Selain menggunakan versi perangkat lunak sah yang sudah diubah namanya untuk melakukan sideloading malware, pelaku ancaman telah memasukkan pemeriksaan anti-analisis yang menentukan apakah WikiLoader berjalan dalam lingkungan virtual dan menghentikan dirinya sendiri saat proses yang terkait dengan perangkat lunak mesin virtual ditemukan.
Meskipun alasan peralihan dari phishing ke SEO poisoning sebagai mekanisme penyebaran masih belum jelas, Unit 42 berteori bahwa ada kemungkinan kampanye tersebut merupakan hasil kerja IAB lain atau kelompok yang sudah ada yang menyebarkan malware tersebut telah melakukannya sebagai respons terhadap pengungkapan kepada publik.
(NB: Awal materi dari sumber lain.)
lemma
  assumes "is_iso C f" "hom C f A B"
  shows inv_arr_hom: "hom C (inv_arr C f) B A"
    and left_inv_arr: "inv_arr C f \<cdot> f = \<one>\<^bsub>A\<^esub>"
    and right_inv_arr: "f \<cdot> inv_arr C f = \<one>\<^bsub>B\<^esub>"
proof -
  have dom_cod: "dom C f = A" "cod C f = B"
    using assms(2) unfolding hom_def by auto
  obtain g where "hom C g B A" "g \<cdot> f = \<one>\<^bsub>A\<^esub>" "f \<cdot> g = \<one>\<^bsub>B\<^esub>"
    using assms(1)[unfolded is_iso_def dom_cod] by blast
  moreover from this have "inv_arr C f = g"
    by (rule inv_arr_eqI[OF assms(2)])
  ultimately show "hom C (inv_arr C f) B A"
    and "inv_arr C f \<cdot> f = \<one>\<^bsub>A\<^esub>" and "f \<cdot> inv_arr C f = \<one>\<^bsub>B\<^esub>"
    by simp_all
qed

lemma left_inverse_eq_inv_arr:
  assumes f: "is_iso C f" "hom C f A B" and g: "hom C g B A" and gf: "g \<cdot> f = \<one>\<^bsub>A\<^esub>"
  shows "g = inv_arr C f"
proof -
  have "g = g \<cdot> f \<cdot> inv_arr C f"
    using right_inv_arr[OF f] cmp_ident[OF g] by simp
  also have "\<dots> = (g \<cdot> f) \<cdot> inv_arr C f"
    using cmp_assoc[OF inv_arr_hom[OF f] f(2) g] .
  also have "\<dots> = inv_arr C f"
    using gf ident_cmp[OF inv_arr_hom[OF f]] by simp
  finally show ?thesis .
qed

lemma
  assumes "A \<in> Ob C"
  shows ident_is_iso: "is_iso C \<one>\<^bsub>A\<^esub>"
    and inv_arr_ident: "inv_arr C \<one>\<^bsub>A\<^esub> = \<one>\<^bsub>A\<^esub>"
proof -
  have i: "hom C \<one>\<^bsub>A\<^esub> A A" and ii: "\<one>\<^bsub>A\<^esub> \<cdot> \<one>\<^bsub>A\<^esub> = \<one>\<^bsub>A\<^esub>"
    using ident_hom[OF assms] ident_cmp[OF ident_hom[OF assms]] by simp_all
  show "is_iso C \<one>\<^bsub>A\<^esub>" and "inv_arr C \<one>\<^bsub>A\<^esub> = \<one>\<^bsub>A\<^esub>"
    using is_isoI[OF i i ii ii] inv_arr_eqI[OF i i ii ii] by simp_all
qed

lemma
  assumes f: "is_iso C f" "hom C f A B" and g: "is_iso C g" "hom C g A' B'"
  shows is_iso_tar: "is_iso C (f \<otimes> g)"
    and inv_arr_tar: "inv_arr C (f \<otimes> g) = inv_arr C f \<otimes> inv_arr C g"
proof -
  have fg: "hom C (f \<otimes> g) (A \<star> A') (B \<star> B')"
    by (rule tar_hom[OF f(2) g(2)])
  have fg': "hom C (inv_arr C f \<otimes> inv_arr C g) (B \<star> B') (A \<star> A')"
    by (rule tar_hom[OF inv_arr_hom[OF f] inv_arr_hom[OF g]])
  have "(inv_arr C f \<otimes> inv_arr C g) \<cdot> (f \<otimes> g) = \<one>\<^bsub>A \<star> A'\<^esub>"
    using interchange[OF f(2) inv_arr_hom[OF f] g(2) inv_arr_hom[OF g], symmetric]
      left_inv_arr[OF f] left_inv_arr[OF g] tar_ident[OF hom_ob(1)[OF f(2)] hom_ob(1)[OF g(2)]]
    by simp
  moreover have "(f \<otimes> g) \<cdot> (inv_arr C f \<otimes> inv_arr C g) = \<one>\<^bsub>B \<star> B'\<^esub>"
    using interchange[OF inv_arr_hom[OF f] f(2) inv_arr_hom[OF g] g(2), symmetric]
      right_inv_arr[OF f] right_inv_arr[OF g] tar_ident[OF hom_ob(2)[OF f(2)] hom_ob(2)[OF g(2)]]
    by simp
  ultimately show "is_iso C (f \<otimes> g)" and "inv_arr C (f \<otimes> g) = inv_arr C f \<otimes> inv_arr C g"
    using is_isoI[OF fg fg'] inv_arr_eqI[OF fg fg'] by simp_all
qed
“Kombinasi infrastruktur palsu, yang dikompromikan, dan yang sah yang dimanfaatkan oleh kampanye WikiLoader memperkuat perhatian pembuat malware untuk membangun loader yang aman dan kuat secara operasional, dengan berbagai [command-and-control] konfigurasi,” kata para peneliti.
Pengungkapan ini terjadi beberapa hari setelah Trend Micro mengungkap kampanye baru yang juga memanfaatkan perangkat lunak VPN GlobalProtect palsu untuk menginfeksi pengguna di Timur Tengah dengan malware pintu belakang.